TASK BRIEF:
In the records below, find the line containing "('v \<Rightarrow> 'v) \<Rightarrow> ('v \<times>" and the line containing "V N p a w v"; please repeat exactly the lines from one to the other, both included, and nothing more.

DATA EXTRACTS:
(* Consider the deterministic split-node max-neighbour algorithm described in the context, on a dynamic graph $(G_r)_{r\ge1}$ with node set $V$. For every round $r\ge1$, \[ D_r\ge t_{r-1}/30, \] where $t_r:=\max_{u,v\in V}|w_r(u)-w_r(v)|$.
   Context: Setting: a fixed set $V$ of $n$ nodes, a sequence of connected graphs $G_r=(V,E_r)$ ($r\ge1$), $N_r(v)$ the neighbours of $v$ in $G_r$, non-negative real loads $w_0(v)$, and $w_r(v)$ the load of $v$ at the end of round $r$. Algorithm: each node $v$ is split into two virtual nodes $v_s$ (sender) and $v_a$ (receiver). In round $r$: set $w_r^1(v_s)=w_r^1(v_a)=w_{r-1}(v)/2$. Each $v_s$ sends a proposal to $u_a$ where $u\in N_r(v)$ maximizes $|w_{r-1}(u)-w_{r-1}(v)|$ (ties broken by a fixed deterministic rule). Each $v_a$ that received proposals accepts exactly one, from $u_s$ with $u$ maximizing $|w_{r-1}(u)-w_{r-1}(v)|$ among proposers (deterministic tie-breaking). For each accepted pair $(u_s,v_a)$, set both virtual loads to $(w_r^1(u_s)+w_r^1(v_a))/2$; other virtual nodes keep their value; then $w_r(v)$ is the sum of the two virtual loads of $v$. An ordered pair $(u,v)$ connects at round $r$ if $u_s$'s proposal to $v_a$ was accepted in round $r$; $A_r$ is the set of ordered pairs that connect at round $r$, and $D_r=\frac12\sum_{(u,v)\in A_r}|w_{r-1}(u)-w_{r-1}(v)|$. *)

theory Defs
  imports Complex_Main
begin

text \<open>Graph sequence: E r is the (undirected) edge set of G_r, given as a set of ordered pairs.
  N r v is the neighbourhood of v in G_r.\<close>

definition nbrs :: "(nat \<Rightarrow> ('v \<times> 'v) set) \<Rightarrow> nat \<Rightarrow> 'v \<Rightarrow> 'v set" where
  "nbrs E r v = {u. (v, u) \<in> E r}"

definition connected_graph :: "'v set \<Rightarrow> ('v \<times> 'v) set \<Rightarrow> bool" where
  "connected_graph V F \<longleftrightarrow> F \<subseteq> V \<times> V \<and> sym F \<and> irrefl F \<and>
     (\<forall>u\<in>V. \<forall>v\<in>V. (u, v) \<in> F\<^sup>*)"

text \<open>Round-level notions. N: neighbourhoods of the current graph, p: proposal target of each
  sender, a: proposal accepted by each receiver, w: loads at the beginning of the round.\<close>

definition proposers :: "'v set \<Rightarrow> ('v \<Rightarrow> 'v set) \<Rightarrow> ('v \<Rightarrow> 'v) \<Rightarrow> 'v \<Rightarrow> 'v set" where
  "proposers V N p v = {u \<in> V. N u \<noteq> {} \<and> p u = v}"

definition valid_proposal ::
  "'v set \<Rightarrow> ('v \<Rightarrow> 'v set) \<Rightarrow> ('v \<Rightarrow> real) \<Rightarrow> ('v \<Rightarrow> 'v) \<Rightarrow> bool" where
  "valid_proposal V N w p \<longleftrightarrow>
     (\<forall>v\<in>V. N v \<noteq> {} \<longrightarrow> p v \<in> N v \<and> (\<forall>u\<in>N v. \<bar>w u - w v\<bar> \<le> \<bar>w (p v) - w v\<bar>))"

definition valid_accept ::
  "'v set \<Rightarrow> ('v \<Rightarrow> 'v set) \<Rightarrow> ('v \<Rightarrow> real) \<Rightarrow> ('v \<Rightarrow> 'v) \<Rightarrow> ('v \<Rightarrow> 'v) \<Rightarrow> bool" where
  "valid_accept V N w p a \<longleftrightarrow>
     (\<forall>v\<in>V. proposers V N p v \<noteq> {} \<longrightarrow> a v \<in> proposers V N p v \<and>
        (\<forall>u\<in>proposers V N p v. \<bar>w u - w v\<bar> \<le> \<bar>w (a v) - w v\<bar>))"

definition connections ::
  "'v set \<Rightarrow> ('v \<Rightarrow> 'v set) \<Rightarrow> ('v \<Rightarrow> 'v) \<Rightarrow> ('v \<Rightarrow> 'v) \<Rightarrow> ('v \<times> 'v) set" where
  "connections V N p a = {(u, v). u \<in> V \<and> N u \<noteq> {} \<and> p u = v \<and> a v = u}"

text \<open>One round: the sender half and the receiver half of each node.\<close>
definition step ::
  "'v set \<Rightarrow> ('v \<Rightarrow> 'v set) \<Rightarrow> ('v \<Rightarrow> 'v) \<Rightarrow> ('v \<Rightarrow> 'v) \<Rightarrow> ('v \<Rightarrow> real) \<Rightarrow> 'v \<Rightarrow> real" where
  "step V N p a w v =
     (if (v, p v) \<in> connections V N p a then (w v / 2 + w (p v) / 2) / 2 else w v / 2)
   + (if proposers V N p v \<noteq> {} then (w (a v) / 2 + w v / 2) / 2 else w v / 2)"

text \<open>load ... r = w_r. Proposal/acceptance choices for round r are P r and Acc r.\<close>
primrec load ::
  "'v set \<Rightarrow> (nat \<Rightarrow> ('v \<times> 'v) set) \<Rightarrow> (nat \<Rightarrow> 'v \<Rightarrow> 'v) \<Rightarrow> (nat \<Rightarrow> 'v \<Rightarrow> 'v)
    \<Rightarrow> ('v \<Rightarrow> real) \<Rightarrow> nat \<Rightarrow> 'v \<Rightarrow> real" where
  "load V E P Acc w0 0 = w0"
| "load V E P Acc w0 (Suc r) =
     step V (nbrs E (Suc r)) (P (Suc r)) (Acc (Suc r)) (load V E P Acc w0 r)"

definition D_round ::
  "'v set \<Rightarrow> (nat \<Rightarrow> ('v \<times> 'v) set) \<Rightarrow> (nat \<Rightarrow> 'v \<Rightarrow> 'v) \<Rightarrow> (nat \<Rightarrow> 'v \<Rightarrow> 'v)
    \<Rightarrow> ('v \<Rightarrow> real) \<Rightarrow> nat \<Rightarrow> real" where
  "D_round V E P Acc w0 r =
     (1/2) * (\<Sum>(u, v)\<in>connections V (nbrs E r) (P r) (Acc r).
                \<bar>load V E P Acc w0 (r - 1) u - load V E P Acc w0 (r - 1) v\<bar>)"

definition discrepancy :: "'v set \<Rightarrow> ('v \<Rightarrow> real) \<Rightarrow> real" where
  "discrepancy V w = Max {\<bar>w u - w v\<bar> | u v. u \<in> V \<and> v \<in> V}"

end

theory Submission
  imports Defs "HOL-Analysis.Analysis"
begin

text \<open>
  Write \<open>a x\<close> for the proposer accepted by a receiver \<open>x\<close> and
  \<open>e x = \<bar>w (a x) - w x\<bar>\<close>, so that \<open>D_r = (\<Sum>x. e x) / 2\<close>,
  summed over the receivers that got a proposal. If \<open>y\<close> lies between the loads of two
  nodes, connectivity yields an edge \<open>(s, t)\<close> whose loads straddle \<open>y\<close>.
  Then \<open>s\<close> proposes to some \<open>x\<close> with
  \<open>\<bar>w x - w s\<bar> \<ge> \<bar>w t - w s\<bar> \<ge> \<bar>y - w s\<bar>\<close>,
  and \<open>x\<close> accepts a proposal at least as unbalanced as that of \<open>s\<close>, so
  \<open>\<bar>w s - w x\<bar> \<le> e x\<close> and \<open>\<bar>y - w x\<bar> \<le> 2 e x\<close>.
  Hence the intervals \<open>[w x - 2 e x, w x + 2 e x]\<close> cover \<open>[min w, max w]\<close>,
  and comparing lengths gives \<open>t_{r-1} \<le> 4 \<Sum>x. e x = 8 D_r\<close>, which is
  stronger than the claimed constant 30.
\<close>

lemma interval_length_le_sum_cover:
  fixes l h :: "'i \<Rightarrow> real"
  assumes "finite I" "\<And>i. i \<in> I \<Longrightarrow> l i \<le> h i" "lo \<le> hi"
    and "{lo..hi} \<subseteq> (\<Union>i\<in>I. {l i..h i})"
  shows "hi - lo \<le> (\<Sum>i\<in>I. h i - l i)"
proof -
  have cover_fmeasurable: "(\<Union>i\<in>I. {l i..h i}) \<in> fmeasurable lborel"
    using assms(1) by (intro fmeasurable.finite_UN fmeasurable_compact) auto
  have "hi - lo = measure lborel {lo..hi}"
    using assms(3) by simp
  also have "\<dots> \<le> measure lborel (\<Union>i\<in>I. {l i..h i})"
    by (rule measure_mono_fmeasurable[OF assms(4) _ cover_fmeasurable]) simp
  also have "\<dots> \<le> (\<Sum>i\<in>I. measure lborel {l i..h i})"
    by (rule measure_UNION_le[OF assms(1)]) simp
  also have "\<dots> = (\<Sum>i\<in>I. h i - l i)"
    using assms(2) by (intro sum.cong) auto
  finally show ?thesis .
qed

lemma trancl_edge_straddles:
  fixes w :: "'a \<Rightarrow> real"
  assumes "(u, v) \<in> F\<^sup>+" "w u \<le> y" "y \<le> w v"
  shows "\<exists>s t. (s, t) \<in> F \<and> w s \<le> y \<and> y \<le> w t"
  using assms
proof (induction v rule: trancl_induct)
  case (base v)
  then show ?case by blast
next
  case (step b c)
  show ?case
  proof (cases "y \<le> w b")
    case True
    then show ?thesis using step.IH step.prems(1) by blast
  next
    case False
    then have "w b \<le> y" by simp
    then show ?thesis using step.hyps(2) step.prems(2) by blast
  qed
qed

lemma discrepancy_le:
  assumes "finite V" "V \<noteq> {}" "\<And>u v. u \<in> V \<Longrightarrow> v \<in> V \<Longrightarrow> \<bar>w u - w v\<bar> \<le> B"
  shows "discrepancy V w \<le> B"
proof -
  have "{\<bar>w u - w v\<bar> | u v. u \<in> V \<and> v \<in> V} = (\<lambda>(u, v). \<bar>w u - w v\<bar>) ` (V \<times> V)"
    by auto
  then have "finite {\<bar>w u - w v\<bar> | u v. u \<in> V \<and> v \<in> V}"
    using assms(1) by simp
  moreover have "{\<bar>w u - w v\<bar> | u v. u \<in> V \<and> v \<in> V} \<noteq> {}"
    using assms(2) by blast
  ultimately show ?thesis
    using assms(3) unfolding discrepancy_def by (auto simp: Max_le_iff)
qed

definition accepting :: "'v set \<Rightarrow> ('v \<Rightarrow> 'v set) \<Rightarrow> ('v \<Rightarrow> 'v) \<Rightarrow> 'v set" where
  "accepting V N p = {x \<in> V. proposers V N p x \<noteq> {}}"

locale balancing_round =
  fixes V :: "'v set" and N :: "'v \<Rightarrow> 'v set" and w :: "'v \<Rightarrow> real" and p a :: "'v \<Rightarrow> 'v"
  assumes finite_nodes: "finite V"
    and nbrs_subset: "\<And>v. v \<in> V \<Longrightarrow> N v \<subseteq> V"
    and proposal: "valid_proposal V N w p"
    and accept: "valid_accept V N w p a"
begin

lemma proposal_nbr: "v \<in> V \<Longrightarrow> N v \<noteq> {} \<Longrightarrow> p v \<in> N v"
  using proposal unfolding valid_proposal_def by blast

lemma proposal_max: "v \<in> V \<Longrightarrow> u \<in> N v \<Longrightarrow> \<bar>w u - w v\<bar> \<le> \<bar>w (p v) - w v\<bar>"
  using proposal unfolding valid_proposal_def by blast

lemma accepted_proposer: "x \<in> accepting V N p \<Longrightarrow> a x \<in> proposers V N p x"
  using accept unfolding valid_accept_def accepting_def by blast

lemma accepted_max:
  "x \<in> V \<Longrightarrow> u \<in> proposers V N p x \<Longrightarrow> \<bar>w u - w x\<bar> \<le> \<bar>w (a x) - w x\<bar>"
  using accept unfolding valid_accept_def by blast

lemma connections_eq: "connections V N p a = (\<lambda>x. (a x, x)) ` accepting V N p"
proof (intro equalityI subsetI)
  fix z assume "z \<in> connections V N p a"
  then obtain u v where z: "z = (u, v)" "u \<in> V" "N u \<noteq> {}" "p u = v" "a v = u"
    unfolding connections_def by blast
  then have "v \<in> V"
    using proposal_nbr nbrs_subset by blast
  moreover have "u \<in> proposers V N p v"
    using z unfolding proposers_def by blast
  ultimately have "v \<in> accepting V N p"
    unfolding accepting_def by blast
  then show "z \<in> (\<lambda>x. (a x, x)) ` accepting V N p"
    using z by force
next
  fix z assume "z \<in> (\<lambda>x. (a x, x)) ` accepting V N p"
  then obtain x where "x \<in> accepting V N p" "z = (a x, x)"
    by blast
  then show "z \<in> connections V N p a"
    using accepted_proposer unfolding proposers_def connections_def by blast
qed

lemma sum_connections_eq:
  "(\<Sum>(u, v)\<in>connections V N p a. \<bar>w u - w v\<bar>) = (\<Sum>x\<in>accepting V N p. \<bar>w (a x) - w x\<bar>)"
  unfolding connections_eq by (subst sum.reindex) (auto simp: inj_on_def)

lemma near_accepting:
  assumes "s \<in> V" "t \<in> N s" "\<bar>y - w s\<bar> \<le> \<bar>w t - w s\<bar>"
  shows "\<exists>x\<in>accepting V N p. \<bar>y - w x\<bar> \<le> 2 * \<bar>w (a x) - w x\<bar>"
proof -
  define x where "x = p s"
  have "x \<in> V"
    using assms(1,2) proposal_nbr nbrs_subset unfolding x_def by blast
  moreover have s_proposes: "s \<in> proposers V N p x"
    using assms(1,2) unfolding proposers_def x_def by blast
  ultimately have "x \<in> accepting V N p"
    unfolding accepting_def by blast
  moreover have "\<bar>w s - w x\<bar> \<le> \<bar>w (a x) - w x\<bar>"
    using accepted_max[OF \<open>x \<in> V\<close> s_proposes] .
  moreover have "\<bar>y - w s\<bar> \<le> \<bar>w x - w s\<bar>"
    using assms proposal_max unfolding x_def by fastforce
  ultimately show ?thesis
    using abs_triangle_ineq[of "y - w s" "w s - w x"] abs_minus_commute[of "w x" "w s"]
    by (intro bexI[of _ x]) auto
qed

lemma between_loads_near_accepting:
  assumes "connected_graph V F" "\<And>s t. (s, t) \<in> F \<Longrightarrow> t \<in> N s"
    and "u \<in> V" "v \<in> V" "w u < w v" "y \<in> {w u..w v}"
  shows "\<exists>x\<in>accepting V N p. \<bar>y - w x\<bar> \<le> 2 * \<bar>w (a x) - w x\<bar>"
proof -
  have "(u, v) \<in> F\<^sup>+"
    using assms(1,3,4,5) unfolding connected_graph_def by (metis rtranclD less_irrefl)
  then obtain s t where "(s, t) \<in> F" "w s \<le> y" "y \<le> w t"
    using trancl_edge_straddles assms(6) by (metis atLeastAtMost_iff)
  moreover have "s \<in> V"
    using assms(1) \<open>(s, t) \<in> F\<close> unfolding connected_graph_def by blast
  ultimately show ?thesis
    using near_accepting[of s t y] assms(2) by fastforce
qed

lemma abs_diff_le_accepted_sum:
  assumes "connected_graph V F" "\<And>s t. (s, t) \<in> F \<Longrightarrow> t \<in> N s" "u \<in> V" "v \<in> V"
  shows "\<bar>w u - w v\<bar> \<le> 4 * (\<Sum>x\<in>accepting V N p. \<bar>w (a x) - w x\<bar>)"
proof -
  define e where "e x = \<bar>w (a x) - w x\<bar>" for x
  have ordered: "w v' - w u' \<le> (\<Sum>x\<in>accepting V N p. (w x + 2 * e x) - (w x - 2 * e x))"
    if "u' \<in> V" "v' \<in> V" "w u' < w v'" for u' v'
  proof (rule interval_length_le_sum_cover)
    show "{w u'..w v'} \<subseteq> (\<Union>x\<in>accepting V N p. {w x - 2 * e x..w x + 2 * e x})"
      using between_loads_near_accepting[OF assms(1,2) that] unfolding e_def
      by (force simp: abs_le_iff)
  qed (use finite_nodes that in \<open>auto simp: accepting_def e_def\<close>)
  have "0 \<le> (\<Sum>x\<in>accepting V N p. 4 * e x)"
    unfolding e_def by (simp add: sum_nonneg)
  then have "\<bar>w u - w v\<bar> \<le> (\<Sum>x\<in>accepting V N p. 4 * e x)"
    using ordered[OF assms(3,4)] ordered[OF assms(4,3)]
    by (cases "w u" "w v" rule: linorder_cases) auto
  then show ?thesis
    unfolding e_def by (simp add: sum_distrib_left)
qed

end

theorem lemma3:
  fixes V :: "'v set" and E :: "nat \<Rightarrow> ('v \<times> 'v) set"
    and P Acc :: "nat \<Rightarrow> 'v \<Rightarrow> 'v" and w0 :: "'v \<Rightarrow> real" and r :: nat
  assumes "finite V" and "V \<noteq> {}"
    and "\<And>s. s \<ge> 1 \<Longrightarrow> connected_graph V (E s)"
    and "\<And>v. v \<in> V \<Longrightarrow> w0 v \<ge> 0"
    and "\<And>s. s \<ge> 1 \<Longrightarrow>
           valid_proposal V (nbrs E s) (load V E P Acc w0 (s - 1)) (P s)"
    and "\<And>s. s \<ge> 1 \<Longrightarrow>
           valid_accept V (nbrs E s) (load V E P Acc w0 (s - 1)) (P s) (Acc s)"
    and "r \<ge> 1"
  shows "D_round V E P Acc w0 r \<ge> discrepancy V (load V E P Acc w0 (r - 1)) / 30"
proof -
  define w where "w = load V E P Acc w0 (r - 1)"
  define S where "S = (\<Sum>x\<in>accepting V (nbrs E r) (P r). \<bar>w (Acc r x) - w x\<bar>)"
  have connected: "connected_graph V (E r)"
    using assms(3,7) by blast
  interpret balancing_round V "nbrs E r" w "P r" "Acc r"
    using assms(1,5,6,7) connected
    by unfold_locales (auto simp: w_def nbrs_def connected_graph_def)
  have D: "D_round V E P Acc w0 r = S / 2"
    using sum_connections_eq unfolding D_round_def S_def w_def by simp
  have "discrepancy V w \<le> 4 * S"
    using assms(1,2) abs_diff_le_accepted_sum[OF connected] unfolding S_def
    by (intro discrepancy_le) (auto simp: nbrs_def)
  moreover have "0 \<le> S"
    unfolding S_def by (simp add: sum_nonneg)
  ultimately show ?thesis
    unfolding D w_def by linarith
qed

end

RESPONSE TO THIS TASK:
  "'v set \<Rightarrow> ('v \<Rightarrow> 'v set) \<Rightarrow> ('v \<Rightarrow> 'v) \<Rightarrow> ('v \<Rightarrow> 'v) \<Rightarrow> ('v \<times> 'v) set" where
  "connections V N p a = {(u, v). u \<in> V \<and> N u \<noteq> {} \<and> p u = v \<and> a v = u}"

text \<open>One round: the sender half and the receiver half of each node.\<close>
definition step ::
  "'v set \<Rightarrow> ('v \<Rightarrow> 'v set) \<Rightarrow> ('v \<Rightarrow> 'v) \<Rightarrow> ('v \<Rightarrow> 'v) \<Rightarrow> ('v \<Rightarrow> real) \<Rightarrow> 'v \<Rightarrow> real" where
  "step V N p a w v =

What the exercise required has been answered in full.